text \<open>Radial limit: if the weight is carried by a compact set K of the circle and R vanishes
  off a closed set C of the circle disjoint from K, the inequalities on the circles of radius
  r < 1 pass to the boundary by dominated convergence.\<close>
lemma radial_limit_nonneg:
  assumes w: "integrable lebesgue w" and K: "compact K" and C: "closed C" "K \<inter> C = {}" "C \<subseteq> sphere 0 1"
    and supp: "AE \<theta> in lebesgue. w \<theta> \<noteq> 0 \<longrightarrow> cis \<theta> \<in> K"
    and R: "integrable lebesgue R" and R0: "\<And>\<theta>. cis \<theta> \<notin> C \<Longrightarrow> R \<theta> = 0"
    and inner: "\<And>r. 0 \<le> r \<Longrightarrow> r < 1 \<Longrightarrow>
       0 \<le> Re (integral\<^sup>L lebesgue (\<lambda>\<theta>. R \<theta> * cnj (herglotz_int w (complex_of_real r * cis \<theta>))))"
  shows "0 \<le> Re (integral\<^sup>L lebesgue (\<lambda>\<theta>. R \<theta> * cnj (herglotz_int w (cis \<theta>))))"
proof -
  have cont: "continuous_on (ball 0 1 \<union> C) (herglotz_int w)"
    by (rule herglotz_int_continuous_on[OF w K C(1,2) _ supp]) (use C(3) in auto)
  obtain d where "d > 0" and d: "\<And>k y. k \<in> K \<Longrightarrow> y \<in> C \<Longrightarrow> d \<le> dist k y"
    using separate_compact_closed[OF K C(1,2)] by blast
  define r where "r n = 1 - inverse (real (Suc (Suc n)))" for n
  have r: "0 \<le> r n" "r n < 1" for n unfolding r_def by (auto simp: field_simps)
  have "(\<lambda>n. inverse (real (Suc (Suc n)))) \<longlonglongrightarrow> 0"
    using LIMSEQ_Suc[OF LIMSEQ_inverse_real_of_nat] .
  then have r_lim: "r \<longlonglongrightarrow> 1"
    unfolding r_def using tendsto_diff[OF tendsto_const, of _ 0 sequentially 1] by simp
  define s where "s n \<theta> = R \<theta> * cnj (herglotz_int w (complex_of_real (r n) * cis \<theta>))" for n \<theta>
  define L where "L \<theta> = R \<theta> * cnj (herglotz_int w (cis \<theta>))" for \<theta>
  have [measurable]: "R \<in> borel_measurable lebesgue" using R by auto
  have s_meas [measurable]: "s n \<in> borel_measurable lebesgue" for n
    unfolding s_def using herglotz_int_circle_measurable[OF w r[of n]] by measurable
  have s_lim: "(\<lambda>n. s n \<theta>) \<longlonglongrightarrow> L \<theta>" for \<theta>
  proof (cases "cis \<theta> \<in> C")
    case True
    have "(\<lambda>n. complex_of_real (r n) * cis \<theta>) \<longlonglongrightarrow> complex_of_real 1 * cis \<theta>"
      by (intro tendsto_intros r_lim)
    then have "(\<lambda>n. herglotz_int w (complex_of_real (r n) * cis \<theta>)) \<longlonglongrightarrow> herglotz_int w (cis \<theta>)"
      using True r by (intro continuous_on_tendsto_compose[OF cont]) (auto simp: norm_mult)
    then show ?thesis unfolding s_def L_def by (intro tendsto_intros)
  qed (simp add: s_def L_def R0)
  define B where "B = 1/(2*pi) * (2/(d/2) * integral\<^sup>L lebesgue (\<lambda>\<theta>. \<bar>w \<theta>\<bar>))"
  have herglotz_bound: "cmod (herglotz_int w (complex_of_real \<rho> * cis \<theta>)) \<le> B"
    if "cis \<theta> \<in> C" "0 \<le> \<rho>" "\<rho> \<le> 1" for \<theta> \<rho>
    unfolding B_def
  proof (rule herglotz_int_bound[OF w])
    have "d/2 \<le> cmod (cis \<phi> - complex_of_real \<rho> * cis \<theta>)" if "cis \<phi> \<in> K" for \<phi>
      using d[OF that \<open>cis \<theta> \<in> C\<close>] circle_dist_radial[of "cis \<phi>" "cis \<theta>" \<rho>] \<open>0 \<le> \<rho>\<close> \<open>\<rho> \<le> 1\<close>
      by (simp add: dist_norm)
    then show "AE \<phi> in lebesgue. w \<phi> \<noteq> 0 \<longrightarrow> d/2 \<le> cmod (cis \<phi> - complex_of_real \<rho> * cis \<theta>)"
      using supp by (auto elim!: eventually_mono)
  qed (use that \<open>d > 0\<close> in \<open>auto simp: norm_mult\<close>)
  have s_bound: "AE \<theta> in lebesgue. norm (s n \<theta>) \<le> B * norm (R \<theta>)" for n
  proof (rule AE_I2)
    fix \<theta>
    show "norm (s n \<theta>) \<le> B * norm (R \<theta>)"
    proof (cases "cis \<theta> \<in> C")
      case True
      have "cmod (herglotz_int w (complex_of_real (r n) * cis \<theta>)) \<le> B"
        using herglotz_bound[OF True r(1)[of n] less_imp_le[OF r(2)[of n]]] .
      then have "cmod (R \<theta>) * cmod (herglotz_int w (complex_of_real (r n) * cis \<theta>)) \<le> cmod (R \<theta>) * B"
        by (rule mult_left_mono) simp
      then show ?thesis unfolding s_def norm_mult complex_mod_cnj by (simp only: mult.commute)
    qed (simp add: s_def R0)
  qed
  have "L \<in> borel_measurable lebesgue" by (rule borel_measurable_LIMSEQ_metric[OF s_meas s_lim])
  then have "(\<lambda>n. integral\<^sup>L lebesgue (s n)) \<longlonglongrightarrow> integral\<^sup>L lebesgue L"
    using R s_lim s_bound by (intro integral_dominated_convergence[where w="\<lambda>\<theta>. B * norm (R \<theta>)"]) auto
  then show ?thesis
    using inner[OF r] unfolding s_def[abs_def] L_def[abs_def]
    by (intro LIMSEQ_le_const[OF tendsto_Re]) auto
qed

lemma Tc_closure_of:
  assumes "I \<subseteq> sphere 0 1"
  shows "Tc closure_of I = closure I"
proof -
  have "closure I \<subseteq> sphere 0 1" using assms by (intro closure_minimal) auto
  then show ?thesis
    unfolding Tc_def closure_of_subtopology euclidean_closure_of using assms by (auto simp: Int_absorb1)
qed

lemma Tc_interior_of_complement:
  assumes "I \<subseteq> sphere 0 1"
  shows "Tc interior_of (sphere 0 1 - I) = sphere 0 1 - closure I"
  using interior_of_complement[of Tc I] Tc_closure_of[OF assms] by (simp add: Tc_def)

lemma ess_supp_in_compact:
  assumes "ess_supp_in h (sphere 0 1 - closure I)"
  obtains K where "compact K" "K \<inter> closure I = {}"
    "AE \<theta> in lebesgue. \<theta> \<in> {0..2*pi} \<longrightarrow> cis \<theta> \<notin> K \<longrightarrow> h (cis \<theta>) = 0"
proof -
  obtain K where K: "closedin Tc K" "K \<subseteq> sphere 0 1 - closure I"
    and h0: "AE \<theta> in lebesgue. \<theta> \<in> {0..2*pi} \<longrightarrow> cis \<theta> \<notin> K \<longrightarrow> h (cis \<theta>) = 0"
    using assms unfolding ess_supp_in_def by blast
  have "closed K" using K(1) unfolding Tc_def by (simp add: closedin_closed_eq)
  then have "compact K"
    using bounded_subset[OF bounded_sphere, of K 0 1] K(2) by (auto simp: compact_eq_bounded_closed)
  moreover have "K \<inter> closure I = {}" using K(2) by blast
  ultimately show ?thesis using h0 by (rule that)
qed

lemma Linf_T_integrable:
  assumes "Linf_T h" "S \<in> sets lebesgue" "S \<subseteq> {0..2*pi}"
  shows "integrable lebesgue (\<lambda>\<theta>. indicator S \<theta> * h (cis \<theta>))"
proof -
  have [measurable]: "(\<lambda>\<theta>. indicator {0..2*pi} \<theta> *\<^sub>R h (cis \<theta>)) \<in> borel_measurable lebesgue" "S \<in> sets lebesgue"
    using assms unfolding Linf_T_def set_borel_measurable_def by auto
  obtain B where B: "AE \<theta> in lebesgue. \<theta> \<in> {0..2*pi} \<longrightarrow> \<bar>h (cis \<theta>)\<bar> \<le> B"
    using assms unfolding Linf_T_def by blast
  have eq: "(\<lambda>\<theta>. indicator S \<theta> * h (cis \<theta>)) = (\<lambda>\<theta>. indicator S \<theta> * (indicator {0..2*pi} \<theta> *\<^sub>R h (cis \<theta>)))"
    using assms(3) by (intro ext) (auto split: split_indicator)
  show ?thesis
  proof (rule Bochner_Integration.integrable_bound[where f="\<lambda>\<theta>. indicator {0..2*pi} \<theta> *\<^sub>R B"])
    show "integrable lebesgue (\<lambda>\<theta>. indicator {0..2*pi} \<theta> *\<^sub>R B)" by (rule integrable_indicator) auto
    show "(\<lambda>\<theta>. indicator S \<theta> * h (cis \<theta>)) \<in> borel_measurable lebesgue" unfolding eq by measurable
    show "AE \<theta> in lebesgue. norm (indicator S \<theta> * h (cis \<theta>)) \<le> norm (indicator {0..2*pi} \<theta> *\<^sub>R B)"
      using B by eventually_elim (use assms(3) in \<open>auto simp: indicator_def\<close>)
  qed
qed

lemma inner_on_residual:
  "inner_on I (\<lambda>z. (f z - g0 z) * cnj (g0 z)) a
     = complex_of_real (1/(2*pi)) * integral\<^sup>L lebesgue (\<lambda>\<theta>. residual I f g0 \<theta> * cnj (a (cis \<theta>)))"
  unfolding inner_on_def set_lebesgue_integral_def residual_def
  by (intro arg_cong2[where f="(*)"] refl Bochner_Integration.integral_cong) (auto split: split_indicator)

lemma herglotz_weight:
  assumes I: "I \<subseteq> sphere 0 1" "circ_set I \<in> sets lebesgue" and h: "Linf_T h"
    and h_nonneg: "AE \<theta> in lebesgue. \<theta> \<in> {0..2*pi} \<longrightarrow> h (cis \<theta>) \<ge> 0"
    and h_supp: "ess_supp_in h (Tc interior_of (sphere 0 1 - I))"
    and w: "w = (\<lambda>\<theta>. indicator (circ_set (sphere 0 1 - I)) \<theta> * h (cis \<theta>))"
  obtains K where "integrable lebesgue w" "AE \<theta> in lebesgue. 0 \<le> w \<theta>"
    "compact K" "K \<inter> closure I = {}" "AE \<theta> in lebesgue. w \<theta> \<noteq> 0 \<longrightarrow> cis \<theta> \<in> K"
proof -
  have J: "circ_set (sphere 0 1 - I) = {0..2*pi} - circ_set I" unfolding circ_set_def by auto
  have "ess_supp_in h (sphere 0 1 - closure I)"
    using h_supp unfolding Tc_interior_of_complement[OF I(1)] .
  then obtain K where K: "compact K" "K \<inter> closure I = {}"
    and h0: "AE \<theta> in lebesgue. \<theta> \<in> {0..2*pi} \<longrightarrow> cis \<theta> \<notin> K \<longrightarrow> h (cis \<theta>) = 0"
    by (rule ess_supp_in_compact)
  have w_int: "integrable lebesgue w"
    unfolding w by (rule Linf_T_integrable[OF h]) (use I J in auto)
  have w_nonneg: "AE \<theta> in lebesgue. 0 \<le> w \<theta>"
    using h_nonneg by eventually_elim (auto simp: w J indicator_def)
  have w_supp: "AE \<theta> in lebesgue. w \<theta> \<noteq> 0 \<longrightarrow> cis \<theta> \<in> K"
    using h0 by eventually_elim (auto simp: w J indicator_def)
  show ?thesis by (rule that[OF w_int w_nonneg K w_supp])
qed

◆ ◆ ◆ ◆

**ABOUT THIS TASK**: Go back to the listing above. Copy word for word the lines from the one with "by (rule herglotz_int_continuous_on[OF" through the one with "unfolding s_def using", and nothing more.

**TASK ANSWER**:
    by (rule herglotz_int_continuous_on[OF w K C(1,2) _ supp]) (use C(3) in auto)
  obtain d where "d > 0" and d: "\<And>k y. k \<in> K \<Longrightarrow> y \<in> C \<Longrightarrow> d \<le> dist k y"
    using separate_compact_closed[OF K C(1,2)] by blast
  define r where "r n = 1 - inverse (real (Suc (Suc n)))" for n
  have r: "0 \<le> r n" "r n < 1" for n unfolding r_def by (auto simp: field_simps)
  have "(\<lambda>n. inverse (real (Suc (Suc n)))) \<longlonglongrightarrow> 0"
    using LIMSEQ_Suc[OF LIMSEQ_inverse_real_of_nat] .
  then have r_lim: "r \<longlonglongrightarrow> 1"
    unfolding r_def using tendsto_diff[OF tendsto_const, of _ 0 sequentially 1] by simp
  define s where "s n \<theta> = R \<theta> * cnj (herglotz_int w (complex_of_real (r n) * cis \<theta>))" for n \<theta>
  define L where "L \<theta> = R \<theta> * cnj (herglotz_int w (cis \<theta>))" for \<theta>
  have [measurable]: "R \<in> borel_measurable lebesgue" using R by auto
  have s_meas [measurable]: "s n \<in> borel_measurable lebesgue" for n
    unfolding s_def using herglotz_int_circle_measurable[OF w r[of n]] by measurable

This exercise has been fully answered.